La principale inquiétude reposait sur la possible absence de liberté. Le porte-parole du Parti communiste rappela alors ce qu’ont toujours dit les marxistes : « plus le jugement d’un homme est libre sur une question déterminée, plus grande est la nécessité qui détermine la teneur de ce jugement; tandis que l’incertitude reposant sur l’ignorance, qui choisit en apparence arbitrairement entre de nombreuses possibilités de décision diverses et contradictoires, ne manifeste précisément par là que sa non-liberté, sa soumission à l’objet qu’elle devrait justement se soumettre. La liberté consiste par conséquent dans l’empire sur nous-mêmes et sur la nature extérieure, fondé sur la connaissance des nécessités naturelles; ainsi, elle est nécessairement un produit du développement historique. » (Friedrich Engels, Anti-Dühring, Éditions sociales, Paris, 1950, pp. 146-147). Et ça n’exclut pas d’avoir son petit commerce!
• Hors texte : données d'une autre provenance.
(* Let $(\mathcal{M},d)$, $P$, $x^*$, $X_1,\dots,X_n$ be as in the context, with $\eta=d^\alpha$ for some $1<\alpha\le2$. Assume (A2) holds with the growth function $l(y,z)=\alpha2^{-\alpha+1}d(y,z)^{\alpha-1}$, exponent $\beta=2-2/\alpha$ and some $K>0$, and assume (B1') holds with constants $A_1,D_1>0$. Then for every $\delta>0$, $n\in\mathbb{N}$ and $0<\tau\le1$, $$ N\left(\tau\|H_{\delta,\eta}\|_{2,P_n},\mathcal{F}_\eta(\delta),\|\cdot\|_{2,P_n}\right)\le\left(\frac{A_1}{\tau^{1/(\alpha-1)}}\right)^{D_1}, $$ i.e. (B1) holds with $A=A_1^{\alpha-1}$ and $D=D_1/(\alpha-1)$. In particular, for $\eta=d^2$ (where (A2) holds with $l=d$, $K=\beta=1$), (B1') alone implies (B1) with $A=A_1$, $D=D_1$.
   Context: $(\mathcal{M},d)$ is an NPC space: a Polish space such that for any $x_0,x_1$ there is $y$ with $d(z,y)^2\le\frac12d(z,x_0)^2+\frac12d(z,x_1)^2-\frac14d(x_0,x_1)^2$ for all $z$. $P$ is a Borel probability measure with finite second moment, $x^*\in\arg\min_x\int\eta(x,y)dP(y)$ (assumed to exist), $X_1,\dots,X_n$ i.i.d. with law $P$, $P_n$ the empirical measure, $\|f\|_{2,P_n}^2=\frac1n\sum_if(X_i)^2$. (A2): $l(x,x^* )^2\le K\left(\int(\eta(x,y)-\eta(x^*,y))dP(y)\right)^\beta$ for all $x$. Notation: $\eta_c(x,\cdot)=\eta(x,\cdot)-\int\eta(x,y)dP(y)$, $f_\eta(x,\cdot)=\eta_c(x,\cdot)-\eta_c(x^*,\cdot)$, $\mathcal{M}_\eta(\delta)=\{x:\int(\eta(x,y)-\eta(x^*,y))dP(y)\le\delta\}$, $\mathcal{F}_\eta(\delta)=\{f_\eta(x,\cdot):x\in\mathcal{M}_\eta(\delta)\}$, $H_{\delta,\eta}(y)=2\sqrt{K\delta^\beta}\int d(y,z)dP(z)$. $N(\tau,\mathcal{S},\rho)$ is the minimal number of $\rho$-balls of radius $\tau$ covering $\mathcal{S}$, and $B(x,r)$ the closed metric ball. (B1'): there are $A_1,D_1>0$ such that for every $r>0$ and $\tau\in(0,r]$, $N(\tau,B(x^*,r),d)\le(A_1r/\tau)^{D_1}$. (B1): there are $A,D>0$ with $N(\tau\|H_{\delta,\eta}\|_{2,P_n},\mathcal{F}_\eta(\delta),\|\cdot\|_{2,P_n})\le(A/\tau)^D$ for all $\delta>0$, $n$, $0<\tau\le1$. *)

theory Defs
  imports "HOL-Probability.Probability"
begin

definition NPC_space :: "'a::metric_space itself \<Rightarrow> bool" where
  "NPC_space _ \<longleftrightarrow> (\<forall>x0 x1::'a. \<exists>y. \<forall>z.
      dist z y ^ 2 \<le> dist z x0 ^ 2 / 2 + dist z x1 ^ 2 / 2 - dist x0 x1 ^ 2 / 4)"

text \<open>Covering number: minimal number of closed \<open>\<rho>\<close>-balls of radius \<open>\<tau>\<close>
  (centres anywhere in the ambient type) covering \<open>S\<close>; \<open>\<infinity>\<close> if no finite cover.\<close>
definition covering_number :: "real \<Rightarrow> 'b set \<Rightarrow> ('b \<Rightarrow> 'b \<Rightarrow> real) \<Rightarrow> ereal" where
  "covering_number \<tau> S \<rho> =
     Inf ((\<lambda>C. ereal (real (card C))) ` {C. finite C \<and> S \<subseteq> (\<Union>c\<in>C. {x. \<rho> c x \<le> \<tau>})})"

definition emp_norm :: "nat \<Rightarrow> (nat \<Rightarrow> 'a) \<Rightarrow> ('a \<Rightarrow> real) \<Rightarrow> real" where
  "emp_norm n x f = sqrt ((1 / real n) * (\<Sum>i=1..n. (f (x i))\<^sup>2))"

definition emp_dist :: "nat \<Rightarrow> (nat \<Rightarrow> 'a) \<Rightarrow> ('a \<Rightarrow> real) \<Rightarrow> ('a \<Rightarrow> real) \<Rightarrow> real" where
  "emp_dist n x f g = emp_norm n x (\<lambda>y. f y - g y)"

definition eta_c :: "'a measure \<Rightarrow> ('a \<Rightarrow> 'a \<Rightarrow> real) \<Rightarrow> 'a \<Rightarrow> 'a \<Rightarrow> real" where
  "eta_c P \<eta> x y = \<eta> x y - (LINT z|P. \<eta> x z)"

definition f_eta :: "'a measure \<Rightarrow> ('a \<Rightarrow> 'a \<Rightarrow> real) \<Rightarrow> 'a \<Rightarrow> 'a \<Rightarrow> 'a \<Rightarrow> real" where
  "f_eta P \<eta> xs x y = eta_c P \<eta> x y - eta_c P \<eta> xs y"

definition M_eta :: "'a measure \<Rightarrow> ('a \<Rightarrow> 'a \<Rightarrow> real) \<Rightarrow> 'a \<Rightarrow> real \<Rightarrow> 'a set" where
  "M_eta P \<eta> xs \<delta> = {x. (LINT y|P. \<eta> x y - \<eta> xs y) \<le> \<delta>}"

definition F_eta :: "'a measure \<Rightarrow> ('a \<Rightarrow> 'a \<Rightarrow> real) \<Rightarrow> 'a \<Rightarrow> real \<Rightarrow> ('a \<Rightarrow> real) set" where
  "F_eta P \<eta> xs \<delta> = f_eta P \<eta> xs ` M_eta P \<eta> xs \<delta>"

definition H_eta :: "'a::metric_space measure \<Rightarrow> real \<Rightarrow> real \<Rightarrow> real \<Rightarrow> 'a \<Rightarrow> real" where
  "H_eta P K \<beta> \<delta> y = 2 * sqrt (K * \<delta> powr \<beta>) * (LINT z|P. dist y z)"

end

theory Submission
  imports Defs
begin

(* In an NPC space the squared metric satisfies Sturm's quadruple inequality
   d(x,y)^2 - d(c,y)^2 - d(x,z)^2 + d(c,z)^2 <= 2 d(x,c) d(y,z): subdivide x c and y z into
   chains of midpoints and sum the elementary NPC inequality over all pairs of steps.
   Applied to short steps of a subdivision of y z, a convexity estimate for t \<mapsto> t^\<alpha> turns this
   into the quadruple inequality for d^\<alpha> with constant \<alpha> 2^(2-\<alpha>) d(x,c)^(\<alpha>-1) d(y,z).
   Integrating in z, x \<mapsto> f_\<eta>(x,.) is (\<alpha>-1)-Hoelder with envelope H_{\<delta>,\<eta>}, and (A2) puts
   M_\<eta>(\<delta>) in a ball of radius R around x*.  Every cover of that ball by balls of radius
   R \<tau>^(1/(\<alpha>-1)) is thus mapped onto a cover of F_\<eta>(\<delta>) of radius \<tau> ||H||, and (B1') bounds
   its size. *)

lemma concave_powr_le_tangent:
  fixes g b c :: real
  assumes g: "0 < g" "g \<le> 1" and "0 \<le> b" "0 < c"
  shows "b powr g \<le> c powr g + g * c powr (g - 1) * (b - c)"
proof -
  have young: "b powr g * c powr (1 - g) \<le> g * b + (1 - g) * c"
  proof (cases "b = 0")
    case False
    then show ?thesis using Youngs_inequality_0[of g "1 - g" b c] assms by simp
  qed (use assms in simp)
  have c_powr: "c * c powr (g - 1) = c powr g"
    using \<open>0 < c\<close> powr_add[of c 1 "g - 1"] by simp
  have "b powr g = b powr g * c powr (1 - g) * c powr (g - 1)"
    using \<open>0 < c\<close> by (simp add: mult.assoc flip: powr_add)
  also have "\<dots> \<le> (g * b + (1 - g) * c) * c powr (g - 1)"
    using young by (rule mult_right_mono) simp
  also have "\<dots> = c powr g + g * c powr (g - 1) * (b - c)"
    using c_powr by (simp add: algebra_simps)
  finally show ?thesis .
qed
(Photo: réplique d'une classe de niveau élémentaire au début du XXème siècle au Québec. L'Église catholique contrôlait le secteur de l'éducation. Elle imposait une discipline implacable et autoritaire. Il y avait bien peu de libertés... Elle a changé depuis).

Il avait fallut travailler inlassablement au cœur des Forces canadiennes pour qu’elles se rangent derrière le nouveau pouvoir. De nombreux exemples abondaient à l’échelle internationale sur le patriotisme des soldats : au Portugal dans les années 1970 avec la révolution des capitaines, de jeunes officiers brillants appuyant le peuple pour instaurer la démocratie; le soutien des soldats russes à la cause des communistes lors de la révolution d’Octobre 1917; l’appui à Hugo Chavez au Venezuela…
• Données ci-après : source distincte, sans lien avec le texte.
(* In the Markovian setting with finite horizon $T<\infty$, there exists a unique equilibrium with preference for early stopping, and this equilibrium is Markovian (i.e., $\theta_t$ is $\sigma(X_t,1_{D_t})$-measurable for every $t\le T$).
   Context: Markovian setting: $T\in\mathbb{N}$, $\mathbb{T}=\{0,\dots,T\}$; $(\Omega,\mathcal{F},P)$ with filtration $(\mathcal{F}_t)_{t\le T}$, $\mathcal{F}_0$ trivial; $X$ is a Markov chain (with respect to $(\mathcal{F}_t)$) with values in a separable metric space $\mathbb{X}$ and deterministic $X_0=x_0$; $B\subseteq\mathbb{X}$ is measurable with $x_0\in B$; $\sigma=\inf\{t\ge0: X_t\notin B\}$ and $D_t=\{t<\sigma\}$. The payoff is $G_t=\delta^t g(t,X_t)$ on $D_t$ for a deterministic measurable function $g$ and $\delta\in(0,1]$, and $G_t=\Delta$ on $D_t^c$, where $\Delta$ is an auxiliary symbol with $0\cdot\Delta=0$; assume $E[\sup_{t\le T}|G_t|1_{D_t}]<\infty$. Notation: $s\lhd t$ iff $s<t$ or $t=\infty$; $\inf\emptyset=\infty$. Effective horizon $T_e=T\wedge\inf\{0\le t<T:P(D_{t+1}\mid\mathcal{F}_t)=0\}$. A stopping policy is a $\{0,1\}$-valued adapted process $\theta=(\theta_t)_{t\in\mathbb{T}}$; $\mathcal{L}_t\theta=\inf\{s>t:\theta_s=1\}$; $\theta$ is admissible if $P(\mathcal{L}_t\theta\lhd\sigma\mid\mathcal{F}_t)>0$ on $\{t<T_e\}$ and $\theta_t=1$ on $\{t\ge T_e\}$. For admissible $\theta$, on $\{t<T_e\}$, $J_t(\theta)=E[G_{\mathcal{L}_t\theta}1_{\{\mathcal{L}_t\theta\lhd\sigma\}}\mid\mathcal{F}_t]/P(\mathcal{L}_t\theta\lhd\sigma\mid\mathcal{F}_t)$. $\Phi(\theta)_t$ equals $1$ on $\{t<T_e,G_t>J_t(\theta)\}$, $\theta_t$ on $\{t<T_e,G_t=J_t(\theta)\}$, $0$ on $\{t<T_e,G_t<J_t(\theta)\}$, $1$ on $\{t\ge T_e\}$. An equilibrium is an admissible $\theta$ with $\Phi(\theta)=\theta$; it has preference for early stopping if moreover $\theta_t=1$ on $\{t<T_e,G_t=J_t(\theta)\}$. *)

theory Defs
  imports "HOL-Probability.Probability"
begin

definition lhd :: "enat \<Rightarrow> enat \<Rightarrow> bool" where
  "lhd s t \<longleftrightarrow> s < t \<or> t = \<infinity>"

definition exit_time :: "nat \<Rightarrow> (nat \<Rightarrow> 'a \<Rightarrow> 'x) \<Rightarrow> 'x set \<Rightarrow> 'a \<Rightarrow> enat" where
  "exit_time T X B \<omega> =
     (if \<exists>t\<le>T. X t \<omega> \<notin> B then enat (LEAST t. t \<le> T \<and> X t \<omega> \<notin> B) else \<infinity>)"

definition Dset :: "'a measure \<Rightarrow> nat \<Rightarrow> (nat \<Rightarrow> 'a \<Rightarrow> 'x) \<Rightarrow> 'x set \<Rightarrow> nat \<Rightarrow> 'a set" where
  "Dset M T X B t = {\<omega> \<in> space M. enat t < exit_time T X B \<omega>}"

definition Gval :: "real \<Rightarrow> (nat \<Rightarrow> 'x \<Rightarrow> real) \<Rightarrow> (nat \<Rightarrow> 'a \<Rightarrow> 'x) \<Rightarrow> nat \<Rightarrow> 'a \<Rightarrow> real" where
  "Gval \<delta> g X t \<omega> = \<delta> ^ t * g t (X t \<omega>)"

definition cprob :: "'a measure \<Rightarrow> 'a measure \<Rightarrow> 'a set \<Rightarrow> 'a \<Rightarrow> real" where
  "cprob M N A = real_cond_exp M N (indicator (A \<inter> space M))"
Ce qui avait été le plus décisif dans la prise de position des soldats reposait sur le fait que durant leur séjour au pouvoir, les chefs conservateurs s’en remettaient directement et constamment au gouvernement des États-Unis; c’était là où reposait le véritable lieu de décisions. Les soldats canadiens étaient d’accord pour s’entraîner avec les soldats états-uniens, mais pas prêts à partager le même lit…
En 2010, on ne pouvait se fonder que sur les déclarations du président des USA, Barack Obama. Il avait écrit : « Le rejet de l’absolutisme, implicite dans notre constitution peut parfois donner l’impression que nos politiques ne reposent pas sur des principes. Mais la plupart du temps, dans notre histoire, il a encouragé le processus même de la cueillette d’information, d’analyse et d’argumentation qui nous permet de meilleurs, quoiqu’imparfaits, choix, non seulement des moyens pour réaliser nos buts, mais également de nos buts eux-mêmes. » (The Audacity of Hope, Vintage Books, New York, 2006, p. 113).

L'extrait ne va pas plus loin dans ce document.